__Activity__
The answer is a number and only a number: how many lines of the data include the string "thesis"?

Collection entries
= Beginning of Section =

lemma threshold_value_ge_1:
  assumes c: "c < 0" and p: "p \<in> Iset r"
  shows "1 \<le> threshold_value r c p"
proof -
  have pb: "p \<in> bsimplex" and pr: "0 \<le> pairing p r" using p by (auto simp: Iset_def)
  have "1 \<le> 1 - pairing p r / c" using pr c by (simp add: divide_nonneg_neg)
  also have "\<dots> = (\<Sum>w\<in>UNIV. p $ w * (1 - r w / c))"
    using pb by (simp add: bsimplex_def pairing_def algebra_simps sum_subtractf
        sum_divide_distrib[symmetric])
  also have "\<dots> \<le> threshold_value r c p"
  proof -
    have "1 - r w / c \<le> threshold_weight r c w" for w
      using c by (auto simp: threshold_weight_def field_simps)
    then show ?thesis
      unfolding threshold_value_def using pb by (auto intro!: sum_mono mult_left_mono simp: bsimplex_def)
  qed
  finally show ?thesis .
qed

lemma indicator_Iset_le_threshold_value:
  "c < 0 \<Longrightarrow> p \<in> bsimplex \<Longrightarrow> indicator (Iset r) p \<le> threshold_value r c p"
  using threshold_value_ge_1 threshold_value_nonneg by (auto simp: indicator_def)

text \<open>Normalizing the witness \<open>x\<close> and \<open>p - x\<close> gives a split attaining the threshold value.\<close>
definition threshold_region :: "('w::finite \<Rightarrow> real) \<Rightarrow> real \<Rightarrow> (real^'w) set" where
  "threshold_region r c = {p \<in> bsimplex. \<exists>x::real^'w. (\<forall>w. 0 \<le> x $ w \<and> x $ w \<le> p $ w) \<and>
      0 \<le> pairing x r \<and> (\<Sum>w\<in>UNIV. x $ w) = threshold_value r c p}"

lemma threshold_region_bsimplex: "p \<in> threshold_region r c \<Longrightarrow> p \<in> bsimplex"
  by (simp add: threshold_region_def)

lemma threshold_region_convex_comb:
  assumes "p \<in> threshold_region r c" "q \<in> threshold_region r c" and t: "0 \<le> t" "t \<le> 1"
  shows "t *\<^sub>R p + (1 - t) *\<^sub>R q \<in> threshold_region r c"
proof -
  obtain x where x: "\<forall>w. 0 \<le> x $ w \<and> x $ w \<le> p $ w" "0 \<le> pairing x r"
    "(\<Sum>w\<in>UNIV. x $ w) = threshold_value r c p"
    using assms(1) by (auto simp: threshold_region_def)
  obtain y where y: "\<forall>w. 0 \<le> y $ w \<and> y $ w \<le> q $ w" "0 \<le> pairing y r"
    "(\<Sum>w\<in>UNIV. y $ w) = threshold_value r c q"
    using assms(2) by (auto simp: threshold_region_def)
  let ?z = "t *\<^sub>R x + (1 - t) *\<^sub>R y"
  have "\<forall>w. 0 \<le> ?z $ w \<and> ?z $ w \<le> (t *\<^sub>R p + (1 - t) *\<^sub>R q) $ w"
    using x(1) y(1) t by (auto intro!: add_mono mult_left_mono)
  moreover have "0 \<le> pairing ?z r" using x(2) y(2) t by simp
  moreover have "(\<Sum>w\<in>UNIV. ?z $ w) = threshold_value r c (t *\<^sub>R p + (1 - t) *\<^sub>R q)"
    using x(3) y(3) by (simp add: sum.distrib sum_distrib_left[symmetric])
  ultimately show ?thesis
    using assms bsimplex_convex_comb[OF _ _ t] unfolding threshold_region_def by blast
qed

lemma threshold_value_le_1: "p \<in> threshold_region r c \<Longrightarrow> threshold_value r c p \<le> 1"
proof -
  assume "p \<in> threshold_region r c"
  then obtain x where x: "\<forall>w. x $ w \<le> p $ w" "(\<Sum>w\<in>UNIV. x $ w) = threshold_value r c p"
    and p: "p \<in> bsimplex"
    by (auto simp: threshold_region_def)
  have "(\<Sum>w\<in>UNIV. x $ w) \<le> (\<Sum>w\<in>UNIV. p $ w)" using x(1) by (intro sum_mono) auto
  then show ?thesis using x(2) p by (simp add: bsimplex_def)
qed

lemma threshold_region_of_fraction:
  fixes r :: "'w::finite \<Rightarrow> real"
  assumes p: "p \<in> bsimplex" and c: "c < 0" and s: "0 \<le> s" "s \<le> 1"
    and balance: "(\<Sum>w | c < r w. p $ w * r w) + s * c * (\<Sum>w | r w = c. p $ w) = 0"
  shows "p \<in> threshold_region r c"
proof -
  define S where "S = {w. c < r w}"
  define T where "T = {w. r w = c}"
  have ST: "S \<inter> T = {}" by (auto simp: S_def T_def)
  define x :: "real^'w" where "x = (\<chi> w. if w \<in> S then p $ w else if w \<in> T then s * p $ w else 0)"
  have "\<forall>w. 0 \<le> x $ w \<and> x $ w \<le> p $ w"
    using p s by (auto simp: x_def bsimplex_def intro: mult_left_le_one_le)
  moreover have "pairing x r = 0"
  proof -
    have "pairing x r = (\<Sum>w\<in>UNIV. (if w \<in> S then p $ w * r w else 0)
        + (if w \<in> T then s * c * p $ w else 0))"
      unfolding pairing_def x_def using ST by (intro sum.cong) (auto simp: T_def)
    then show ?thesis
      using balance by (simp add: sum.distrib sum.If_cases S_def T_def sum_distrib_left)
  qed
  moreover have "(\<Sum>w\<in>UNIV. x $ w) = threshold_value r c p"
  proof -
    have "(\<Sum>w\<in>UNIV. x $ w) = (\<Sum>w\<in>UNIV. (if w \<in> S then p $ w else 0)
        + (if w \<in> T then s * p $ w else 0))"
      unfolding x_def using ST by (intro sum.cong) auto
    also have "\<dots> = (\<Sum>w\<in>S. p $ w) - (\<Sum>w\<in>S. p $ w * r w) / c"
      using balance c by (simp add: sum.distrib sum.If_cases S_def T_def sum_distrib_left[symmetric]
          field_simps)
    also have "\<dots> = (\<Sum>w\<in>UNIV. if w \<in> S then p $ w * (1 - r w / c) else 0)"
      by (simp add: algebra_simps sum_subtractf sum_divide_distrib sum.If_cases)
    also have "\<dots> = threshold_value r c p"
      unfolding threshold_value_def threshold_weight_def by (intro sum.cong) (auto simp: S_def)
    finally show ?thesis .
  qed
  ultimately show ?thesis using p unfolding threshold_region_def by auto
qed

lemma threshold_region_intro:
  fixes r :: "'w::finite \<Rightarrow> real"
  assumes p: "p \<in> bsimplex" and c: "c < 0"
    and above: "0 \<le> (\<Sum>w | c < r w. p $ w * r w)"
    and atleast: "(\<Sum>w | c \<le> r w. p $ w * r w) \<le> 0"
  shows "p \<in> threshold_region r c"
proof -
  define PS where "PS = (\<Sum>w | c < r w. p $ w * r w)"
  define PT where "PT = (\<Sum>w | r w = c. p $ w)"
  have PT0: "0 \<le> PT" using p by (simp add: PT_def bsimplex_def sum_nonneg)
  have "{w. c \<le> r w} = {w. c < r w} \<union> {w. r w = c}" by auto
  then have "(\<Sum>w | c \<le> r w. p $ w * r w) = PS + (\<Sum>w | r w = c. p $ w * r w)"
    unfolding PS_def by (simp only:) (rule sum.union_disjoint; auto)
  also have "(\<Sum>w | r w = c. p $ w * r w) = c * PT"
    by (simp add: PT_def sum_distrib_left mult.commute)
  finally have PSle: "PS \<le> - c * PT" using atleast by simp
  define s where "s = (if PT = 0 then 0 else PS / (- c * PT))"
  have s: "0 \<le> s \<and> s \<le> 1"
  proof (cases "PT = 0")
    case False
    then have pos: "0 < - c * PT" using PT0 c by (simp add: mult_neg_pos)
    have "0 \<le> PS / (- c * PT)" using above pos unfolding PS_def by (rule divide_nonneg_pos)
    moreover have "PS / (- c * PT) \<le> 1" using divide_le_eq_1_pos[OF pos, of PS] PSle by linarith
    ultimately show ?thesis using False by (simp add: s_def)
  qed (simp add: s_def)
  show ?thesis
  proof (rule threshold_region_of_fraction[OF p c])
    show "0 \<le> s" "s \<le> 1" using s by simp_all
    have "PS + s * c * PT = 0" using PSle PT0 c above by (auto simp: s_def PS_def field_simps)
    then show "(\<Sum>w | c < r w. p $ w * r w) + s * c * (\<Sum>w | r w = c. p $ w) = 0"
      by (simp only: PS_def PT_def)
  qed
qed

= End of Section =

__Worked solution__
9